In an SEC filing this week, investment bank JP Morgan Chase revealed it is establishing what it calls a “cryptocurrency exposure basket.” Investors can buy structured notes whose value is tied to 11 stocks from companies involved in Bitcoin or other cryptocurrencies. 

As the basket is based partly on each company’s exposure to Bitcoin as well as liquidity, it includes selections such as cloud software developer MicroStrategy, payments company Square, mining firm Riot Blockchain, and chipmaker Nvidia. (Stocks in those four firms comprise 68% of the basket.)

But it’s missing an obvious target: Tesla.


Tesla bought $1.5 billion worth of Bitcoin earlier this year and holds an estimated 0.3% of its treasury in the digital asset. Among publicly traded companies, only MicroStrategy has a larger stockpile of Bitcoin, according to Bitcoin Treasuries, with 91,064 BTC—enough for Bitcoin volatility to impact MicroStrategy’s day-to-day stock price.

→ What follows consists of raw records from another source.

theorem mainTheorem14:
  fixes M :: "'w measure" and X :: "'w \<Rightarrow> nat \<Rightarrow> nat \<Rightarrow> real"
    and Cov :: "nat \<Rightarrow> nat \<Rightarrow> real" and \<theta>0 :: "nat \<Rightarrow> real"
    and n p a :: nat and E :: "(nat \<times> nat) set"
    and B \<Delta> \<phi> t lam mu :: real
  assumes "prob_space M"
    and "n \<ge> 1" and "a < p"
    and "iid_gaussian_rows M n p Cov X"
    and "\<forall>j<p. \<forall>k<p. Cov j k = Cov k j"
    and unit_var: "\<forall>j<p. Cov j j = 1"
    and Cov_bb_inv: "\<forall>v. (\<forall>j\<in>{..<p} - {a}. (\<Sum>k\<in>{..<p} - {a}. Cov j k * v k) = 0)
                          \<longrightarrow> (\<forall>j\<in>{..<p} - {a}. v j = 0)"
    and theta0: "\<theta>0 \<in> vectors p" "\<theta>0 a = 0"
      "\<forall>j\<in>{..<p} - {a}. (\<Sum>k\<in>{..<p} - {a}. Cov j k * \<theta>0 k) = Cov j a"
    and "E \<subseteq> {(i, j). i < j \<and> j < p}"
    and "B > 0" and "\<forall>j<p. real (Da_col_nnz E a j) \<le> B"
    and "\<Delta> > 0" and "\<phi> > 0"
    and "lam = 4 * (t + ln (real p)) / real n"
    and "mu = 4 / B * sqrt (2 / real n * (t + ln (real p)))"
    and "t \<ge> 2 * real n * (3 + 14 / \<Delta>)\<^sup>2"
  shows "\<exists>A \<in> sets M. measure M A \<ge> 1 - exp (- t) \<and>
    (\<forall>w\<in>A. compatibility n p a (X w) {j. j < p \<and> \<theta>0 j \<noteq> 0} \<Delta> \<phi> \<longrightarrow>
      (\<forall>\<theta>. is_estimator n p a E (X w) lam mu \<theta> \<longrightarrow>
         (1 / real n) * (\<Sum>i<n. (Xa_mult p a (X w) (\<lambda>j. \<theta> j - \<theta>0 j) i)\<^sup>2)
         + (lam - 3 * B * mu) * l1norm p (\<lambda>j. \<theta> j - \<theta>0 j)
         \<le> real (card {j. j < p \<and> \<theta>0 j \<noteq> 0}) * (2 * lam + B * mu)\<^sup>2 / \<phi>\<^sup>2))"
proof -
  note model = assms(1-6) theta0(2,3)
  define u where "u = (t + ln (real p)) / real n"
  define v where "v = sqrt (2 * u)"
  have "p \<ge> 1" using assms(3) by simp
  note tuning = tuning_parameters[OF assms(2) this assms(12,14,16-18), folded u_def, folded v_def]
  have "2 * (3 + 14 / \<Delta>) \<ge> 6" using assms(14) by simp
  then have v6: "v \<ge> 6" using tuning(4) by linarith
  then obtain A where A: "A \<in> sets M" "measure M A \<ge> 1 - real p * exp (- u * real n)"
    and noise: "\<forall>w\<in>A. \<forall>j\<in>{..<p} - {a}.
      \<bar>\<Sum>i<n. (X w i a - Xa_mult p a (X w) \<theta>0 i) * X w i j\<bar> \<le> real n * (u + v)"
    using noise_event[OF model v6 tuning(3)] by blast
  note regularisation = tuning_conditions[OF assms(14) tuning(4,3), folded tuning(1,2)]
  have "B * mu \<ge> 0" using tuning(2) v6 by simp
  then have "mu \<ge> 0" using assms(12) by (simp add: zero_le_mult_iff)
  show ?thesis
  proof (intro bexI[OF _ A(1)] conjI ballI impI allI)
    show "measure M A \<ge> 1 - exp (- t)" using A(2) tuning(5) by simp
  next
    fix w \<theta> assume "w \<in> A"
      and compat: "compatibility n p a (X w) {j. j < p \<and> \<theta>0 j \<noteq> 0} \<Delta> \<phi>"
      and est: "is_estimator n p a E (X w) lam mu \<theta>"
    have scale: "real n * (u + v) = real n * (lam + B * mu) / 4" using tuning(1,2) by simp
    have "\<forall>j\<in>{..<p} - {a}.
      \<bar>\<Sum>i<n. (X w i a - Xa_mult p a (X w) \<theta>0 i) * X w i j\<bar> \<le> real n * (lam + B * mu) / 4"
      using bspec[OF noise \<open>w \<in> A\<close>] unfolding scale .
    then show "(1 / real n) * (\<Sum>i<n. (Xa_mult p a (X w) (\<lambda>j. \<theta> j - \<theta>0 j) i)\<^sup>2)
         + (lam - 3 * B * mu) * l1norm p (\<lambda>j. \<theta> j - \<theta>0 j)
         \<le> real (card {j. j < p \<and> \<theta>0 j \<noteq> 0}) * (2 * lam + B * mu)\<^sup>2 / \<phi>\<^sup>2"
      using regularisation \<open>B * mu \<ge> 0\<close> \<open>mu \<ge> 0\<close>
      by (intro oracle_inequality[OF assms(2) theta0(1) assms(11,13) _ _ _ _ _ compat est]) auto
  qed
qed
lemma has_normal_form_add:
  assumes "has_normal_form ph s" "has_normal_form ph t"
  shows "has_normal_form ph (s + t)"
proof -
  obtain a b S where S: "finite S" "S \<subseteq> prime_power_indices" "omeq s (normal_form ph a b S)"
    using assms(1) unfolding has_normal_form_def by blast
  obtain a' b' S' where S': "finite S'" "S' \<subseteq> prime_power_indices" "omeq t (normal_form ph a' b' S')"
    using assms(2) unfolding has_normal_form_def by blast
  define b'' where "b'' p e = (if (p, e) \<in> S then b p e else 0) + (if (p, e) \<in> S' then b' p e else 0)" for p e
  have "(\<Sum>(p, e)\<in>S \<union> S'. tact (b'' p e) (phi_dx ph (p ^ e))) =
      (\<Sum>(p, e)\<in>S \<union> S'. tact (if (p, e) \<in> S then b p e else 0) (phi_dx ph (p ^ e))) +
      (\<Sum>(p, e)\<in>S \<union> S'. tact (if (p, e) \<in> S' then b' p e else 0) (phi_dx ph (p ^ e)))"
    unfolding sum.distrib[symmetric] by (intro sum.cong refl) (auto simp: b''_def tact_add_left)
  also have "\<dots> = (\<Sum>(p, e)\<in>S. tact (b p e) (phi_dx ph (p ^ e))) +
      (\<Sum>(p, e)\<in>S'. tact (b' p e) (phi_dx ph (p ^ e)))"
    using sum_tact_phi_dx_extend[of "S \<union> S'" S b ph] sum_tact_phi_dx_extend[of "S \<union> S'" S' b' ph]
      S(1) S'(1) by simp
  finally have "normal_form ph (a + a') b'' (S \<union> S') = normal_form ph a b S + normal_form ph a' b' S'"
    by (simp add: tact_add_left ac_simps)
  then have "omeq (s + t) (normal_form ph (a + a') b'' (S \<union> S'))"
    using omeq_add[OF S(3) S'(3)] by simp
  then show ?thesis
    unfolding has_normal_form_def using S(1,2) S'(1,2)
    by (intro exI[of _ "a + a'"] exI[of _ b''] exI[of _ "S \<union> S'"]) simp
qed

lemma has_normal_form_sum: "(\<And>x. x \<in> A \<Longrightarrow> has_normal_form ph (f x)) \<Longrightarrow> has_normal_form ph (sum f A)"
  by (induction A rule: infinite_finite_induct) (simp_all add: has_normal_form_zero has_normal_form_add)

By comparison, Square has 8,027 BTC, comprising 0.4% of its holdings, and Riot has 1,175 BTC (1.7%). Nvidia, while it doesn’t have Bitcoin on the books, makes graphics processing units that are used in crypto mining.

What gives?

In short, JP Morgan thinks Tesla’s stock price is too high. 

JP Morgan analysts warned on December 9, 2020:


"We recommend investors not weight Tesla shares in their portfolio in equal proportion to the S&P because Tesla shares are in our view and by virtually every conventional metric not only overvalued, but dramatically so." 

Tesla’s stock price closed that day at $604.48. Since it currently stands at $668 after coming down from an all-time high of $900, not much has happened to change the investment bank’s view.

Instead, JP Morgan filled out the remaining 32% of the basket with stock in PayPal (10%), which has integrated Bitcoin and other crypto purchases onto its app; semiconductor companies Advanced Micro Devices (5%) and Taiwan Semiconductor Manufacturing (5%); crypto derivatives marketplaces Intercontinental Exchange (4%) and CME Group (4%); furniture retailer (2%), which runs a blockchain wing; and Silvergate Capital (2%), a bank for cryptocurrency firms.

Investors can buy into the basket with a minimum of $1,000. For its troubles, JP Morgan deducts 1.5% of the investment and returns.